The Data Mining Forum
This forum is about data mining
, data science
and big data
: algorithms, source code, datasets, implementations, optimizations, etc. You are welcome to post call for papers, data mining job ads, link to source code of data mining algorithms or anything else related to data mining. The forum is hosted by P. Fournier-Viger
. No registration is required to use this forum!
Re: How to use custom separator for end of itemset and sequence in PrefixSpan?
Date: May 26, 2020 01:57AM
1) If you have an input file where other separators are used instead of -1 and -2 and you want to use SPMF, then you could just open the file in a text editor and replace the separators by -1 and -2 using the "find and replace" function.
Another way is to write a small program using any programming language to convert your file.
2) Now, if you want to see a different type of separator in the output file, then you could check the documentation of prefixspan:
There is an example input file like this:
1 -1 1 2 3 -1 1 3 -1 4 -1 3 6 -1 -2
1 4 -1 3 -1 2 3 -1 1 5 -1 -2
5 6 -1 1 2 -1 4 6 -1 3 -1 2 -1 -2
5 -1 7 -1 1 6 -1 3 -1 2 -1 3 -1 -2
and then the result file would look like this:
apple | #SUP: 4
orange | #SUP: 4
tomato | #SUP: 4
apple | orange | #SUP: 4
As you can see in the above results, the -1 separator has been replace by | in the output file.
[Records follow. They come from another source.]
lemma tendsto_upper_endpoint_stable:
  fixes b :: "'a \<Rightarrow> real"
  assumes "(b \<longlongrightarrow> b0) F" "b0 \<noteq> t"
  obtains V where "open V" "t \<in> V" "eventually (\<lambda>x. \<forall>s\<in>V. s \<le> b x \<longrightarrow> s \<le> b0) F"
proof (cases "t < b0")
  case True
  then show ?thesis by (intro that[of "{..<b0}"]) auto
next
  case False
  define m where "m = (t + b0) / 2"
  have "m < t" "b0 < m" using False assms(2) by (simp_all add: m_def)
  then have "eventually (\<lambda>x. b x < m) F" using assms(1) by (simp add: order_tendstoD(2))
  then show ?thesis using \<open>m < t\<close> by (intro that[of "{m<..}"]) (auto elim: eventually_mono)
qed

definition kernel_sum :: "(nat \<Rightarrow> real \<Rightarrow> ereal) \<Rightarrow> nat \<Rightarrow> (nat \<Rightarrow> real) \<Rightarrow> real \<Rightarrow> ereal" where
  "kernel_sum K n y t = (\<Sum>i\<in>{1..n}. K i (t - y i))"

lemma Ffun_eq_kernel_sum: "Ffun J K n y t = J t + kernel_sum K n y t"
  by (simp add: Ffun_def kernel_sum_def)

lemma Sbar_coordinate: "y \<in> Sbar n \<Longrightarrow> i \<in> {1..n} \<Longrightarrow> y i \<in> {0..1}"
  by (simp add: Sbar_def)

lemma ypt_interval_subset: "y \<in> Sbar n \<Longrightarrow> j \<le> n \<Longrightarrow> {ypt n y j .. ypt n y (Suc j)} \<subseteq> {0..1}"
  using Sbar_coordinate[of y n j] Sbar_coordinate[of y n "Suc j"] by (auto simp: ypt_def)

lemma tendsto_ypt: "((\<lambda>x. ypt n x k) \<longlongrightarrow> ypt n y k) (at y within S)"
proof -
  have "((\<lambda>x::nat \<Rightarrow> real. x k) \<longlongrightarrow> y k) (at y within S)"
    using continuous_on_product_coordinates[of k]
    by (auto simp: continuous_on_def intro: tendsto_within_subset)
  then show ?thesis by (simp add: ypt_def)
qed

lemma kernel_not_PInfty_on_Sbar:
  fixes t :: real
  assumes "\<forall>i\<in>{1..n}. kernel_function (K i)" "y \<in> Sbar n" "t \<in> {0..1}" "i \<in> {1..n}"
  shows "K i (t - y i) \<noteq> \<infinity>"
  using assms Sbar_coordinate[OF assms(2,4)] by (intro kernel_function_not_PInfty) auto

lemma kernel_sum_not_PInfty:
  fixes t :: real
  assumes "\<forall>i\<in>{1..n}. kernel_function (K i)" "y \<in> Sbar n" "t \<in> {0..1}"
  shows "kernel_sum K n y t \<noteq> \<infinity>"
  using kernel_not_PInfty_on_Sbar[OF assms] by (simp add: kernel_sum_def sum_Pinfty)

lemma continuous_on_kernel_sum:
  assumes K: "\<forall>i\<in>{1..n}. kernel_function (K i)"
  shows "continuous_on (Sbar n \<times> {0..1::real}) (\<lambda>p. kernel_sum K n (fst p) (snd p))"
  unfolding continuous_on_def kernel_sum_def
proof
  fix p :: "(nat \<Rightarrow> real) \<times> real" assume p: "p \<in> Sbar n \<times> {0..1}"
  show "((\<lambda>p. \<Sum>i = 1..n. K i (snd p - fst p i)) \<longlongrightarrow> (\<Sum>i = 1..n. K i (snd p - fst p i)))
          (at p within Sbar n \<times> {0..1})"
  proof (rule tendsto_sum_ereal_not_PInfty)
    fix i assume i: "i \<in> {1..n}"
    then show "K i (snd p - fst p i) \<noteq> \<infinity>" using kernel_not_PInfty_on_Sbar[OF K] p by auto
    have "continuous_on {-1..1} (K i)" using K i by (simp add: kernel_function_continuous)
    moreover have "continuous_on (Sbar n \<times> {0..1}) (\<lambda>p. snd p - fst p i)"
      by (intro continuous_intros continuous_on_compose2[OF continuous_on_product_coordinates]) auto
    moreover have "(\<lambda>p. snd p - fst p i) ` (Sbar n \<times> {0..1}) \<subseteq> {-1..1}"
      using Sbar_coordinate[OF _ i] by force
    ultimately have "continuous_on (Sbar n \<times> {0..1}) (\<lambda>p. K i (snd p - fst p i))"
      by (rule continuous_on_compose2)
    then show "((\<lambda>p. K i (snd p - fst p i)) \<longlongrightarrow> K i (snd p - fst p i)) (at p within Sbar n \<times> {0..1})"
      using p unfolding continuous_on_def by blast
  qed
qed

lemma kernel_sum_at_node:
  assumes K: "\<forall>i\<in>{1..n}. singular_kernel (K i)" and y: "y \<in> Sbar n" and i: "i \<in> {1..n}"
  shows "kernel_sum K n y (y i) = -\<infinity>"
proof -
  have "\<forall>k\<in>{1..n}. K k (y i - y k) \<noteq> \<infinity>"
    using kernel_not_PInfty_on_Sbar[OF _ y Sbar_coordinate[OF y i]] K by (simp add: singular_kernel_def)
  moreover have "K i (y i - y i) = -\<infinity>" using K i by (simp add: singular_kernel_def)
  ultimately show ?thesis
    unfolding kernel_sum_def using i by (simp add: sum.remove[of _ i] sum_Pinfty)
qed

lemma ypt_ne_if_kernel_sum_ne_MInfty:
  assumes "\<forall>i\<in>{1..n}. singular_kernel (K i)" "y \<in> Sbar n" "kernel_sum K n y t \<noteq> -\<infinity>"
    and "1 \<le> k" "k \<le> n"
  shows "ypt n y k \<noteq> t"
  using assms kernel_sum_at_node[OF assms(1,2), of k] by (auto simp: ypt_def)

lemma eventually_mem_ypt_interval:
  assumes K: "\<forall>i\<in>{1..n}. singular_kernel (K i)" and y: "y \<in> Sbar n" and j: "j \<le> n"
    and t: "t \<in> {ypt n y j .. ypt n y (Suc j)}" and G: "kernel_sum K n y t \<noteq> -\<infinity>"
  shows "eventually (\<lambda>x. t \<in> {ypt n x j .. ypt n x (Suc j)}) (at y within S)"
proof -
  have "eventually (\<lambda>x. ypt n x j \<le> t) (at y within S)"
  proof (cases "j = 0")
    case False
    then have "ypt n y j < t" using t j ypt_ne_if_kernel_sum_ne_MInfty[OF K y G, of j] by auto
    from order_tendstoD(2)[OF tendsto_ypt this] show ?thesis by (rule eventually_mono) simp
  qed (use t in \<open>simp add: ypt_def\<close>)
  moreover have "eventually (\<lambda>x. t \<le> ypt n x (Suc j)) (at y within S)"
  proof (cases "j = n")
    case False
    then have "t < ypt n y (Suc j)" using t j ypt_ne_if_kernel_sum_ne_MInfty[OF K y G, of "Suc j"] by auto
    from order_tendstoD(1)[OF tendsto_ypt this] show ?thesis by (rule eventually_mono) simp
  qed (use t in \<open>simp add: ypt_def\<close>)
  ultimately show ?thesis by eventually_elim simp
qed

lemma ypt_interval_locally_stable:
  assumes K: "\<forall>i\<in>{1..n}. singular_kernel (K i)" and y: "y \<in> Sbar n" and j: "j \<le> n"
    and G: "kernel_sum K n y t \<noteq> -\<infinity>"
  obtains V where "open V" "t \<in> V"
    "eventually (\<lambda>x. \<forall>s\<in>V. s \<in> {ypt n x j .. ypt n x (Suc j)} \<longrightarrow> s \<in> {ypt n y j .. ypt n y (Suc j)})
       (at y within S)"
proof -
  obtain L where L: "open L" "t \<in> L" "eventually (\<lambda>x. \<forall>s\<in>L. ypt n x j \<le> s \<longrightarrow> ypt n y j \<le> s) (at y within S)"
  proof (cases "j = 0")
    case True
    then show ?thesis by (intro that[of UNIV]) (simp_all add: ypt_def)
  next
    case False
    then have "ypt n y j \<noteq> t" using j ypt_ne_if_kernel_sum_ne_MInfty[OF K y G, of j] by simp
    then show ?thesis using tendsto_lower_endpoint_stable[OF tendsto_ypt] that by blast
  qed
  obtain R where R: "open R" "t \<in> R"
    "eventually (\<lambda>x. \<forall>s\<in>R. s \<le> ypt n x (Suc j) \<longrightarrow> s \<le> ypt n y (Suc j)) (at y within S)"
  proof (cases "j = n")
    case True
    then show ?thesis by (intro that[of UNIV]) (simp_all add: ypt_def)
  next
    case False
    then have "ypt n y (Suc j) \<noteq> t" using j ypt_ne_if_kernel_sum_ne_MInfty[OF K y G, of "Suc j"] by simp
    then show ?thesis using tendsto_upper_endpoint_stable[OF tendsto_ypt] that by blast
  qed
  show ?thesis
  proof (rule that[of "L \<inter> R"])
    show "eventually (\<lambda>x. \<forall>s\<in>L \<inter> R. s \<in> {ypt n x j .. ypt n x (Suc j)} \<longrightarrow> s \<in> {ypt n y j .. ypt n y (Suc j)})
       (at y within S)"
      using L(3) R(3) by eventually_elim auto
  qed (use L R in auto)
qed

lemma eventually_less_mfun:
  assumes K: "\<forall>i\<in>{1..n}. singular_kernel (K i)" and J: "\<forall>t\<in>{0..1}. J t \<noteq> \<infinity>"
    and j: "j \<le> n" and y: "y \<in> Sbar n" and c: "c < mfun J K n j y"
  shows "eventually (\<lambda>x. c < mfun J K n j x) (at y within Sbar n)"
proof -
  have Kfun: "\<forall>i\<in>{1..n}. kernel_function (K i)" using K by (simp add: singular_kernel_def)
  obtain t where t: "t \<in> {ypt n y j .. ypt n y (Suc j)}" and ct: "c < J t + kernel_sum K n y t"
    using c by (auto simp: mfun_def less_SUP_iff Ffun_eq_kernel_sum)
  have t01: "t \<in> {0..1}" using ypt_interval_subset[OF y j] t by blast
  have "J t \<noteq> \<infinity>" using J t01 by blast
  \<comment> \<open>needed because \<open>\<infinity> + -\<infinity> = \<infinity>\<close> in \<open>ereal\<close>\<close>
  then have "kernel_sum K n y t \<noteq> -\<infinity>" using ct by (cases "J t") auto
  moreover have "kernel_sum K n y t \<noteq> \<infinity>" using kernel_sum_not_PInfty[OF Kfun y t01] .
  moreover have "continuous_on (Sbar n) (\<lambda>x. kernel_sum K n x t)"
    by (rule continuous_on_compose2[OF continuous_on_kernel_sum[OF Kfun], of _ "\<lambda>x. (x, t)", simplified])
      (use t01 in \<open>auto intro!: continuous_on_Pair continuous_on_id continuous_on_const\<close>)
  ultimately have "((\<lambda>x. J t + kernel_sum K n x t) \<longlongrightarrow> J t + kernel_sum K n y t) (at y within Sbar n)"
    using y by (intro tendsto_add_ereal_general) (auto simp: continuous_on_def)
  then have "eventually (\<lambda>x. c < J t + kernel_sum K n x t) (at y within Sbar n)"
    using ct by (rule order_tendstoD(1))
  moreover have "eventually (\<lambda>x. t \<in> {ypt n x j .. ypt n x (Suc j)}) (at y within Sbar n)"
    using eventually_mem_ypt_interval[OF K y j t] \<open>kernel_sum K n y t \<noteq> -\<infinity>\<close> .
  ultimately show ?thesis
  proof eventually_elim
    case (elim x)
    have "J t + kernel_sum K n x t \<le> mfun J K n j x"
      unfolding mfun_def Ffun_eq_kernel_sum[symmetric] using elim(2) by (rule SUP_upper)
    then show ?case using elim(1) by simp
  qed
qed

lemma eventually_at_within_open:
  assumes "open U" "y \<in> U"
  shows "eventually (\<lambda>x. x \<in> U \<inter> S) (at y within S)"
  using eventually_nhds_in_open[OF assms] unfolding eventually_at_filter by (rule eventually_mono) simp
But this feature works in the GUI of SPMF.
3) If you want to modify the code of PrefixSpan andyou are a bit familiar with java, it is not very hard and you could find the -1 and -2 in the code of PrefixSpan and replace them by something else.
So that is the main idea. It could a good idea maybe to add a feature in SPMF to let the user choose a separator. This has not been implemented. But it could be a good idea for the future.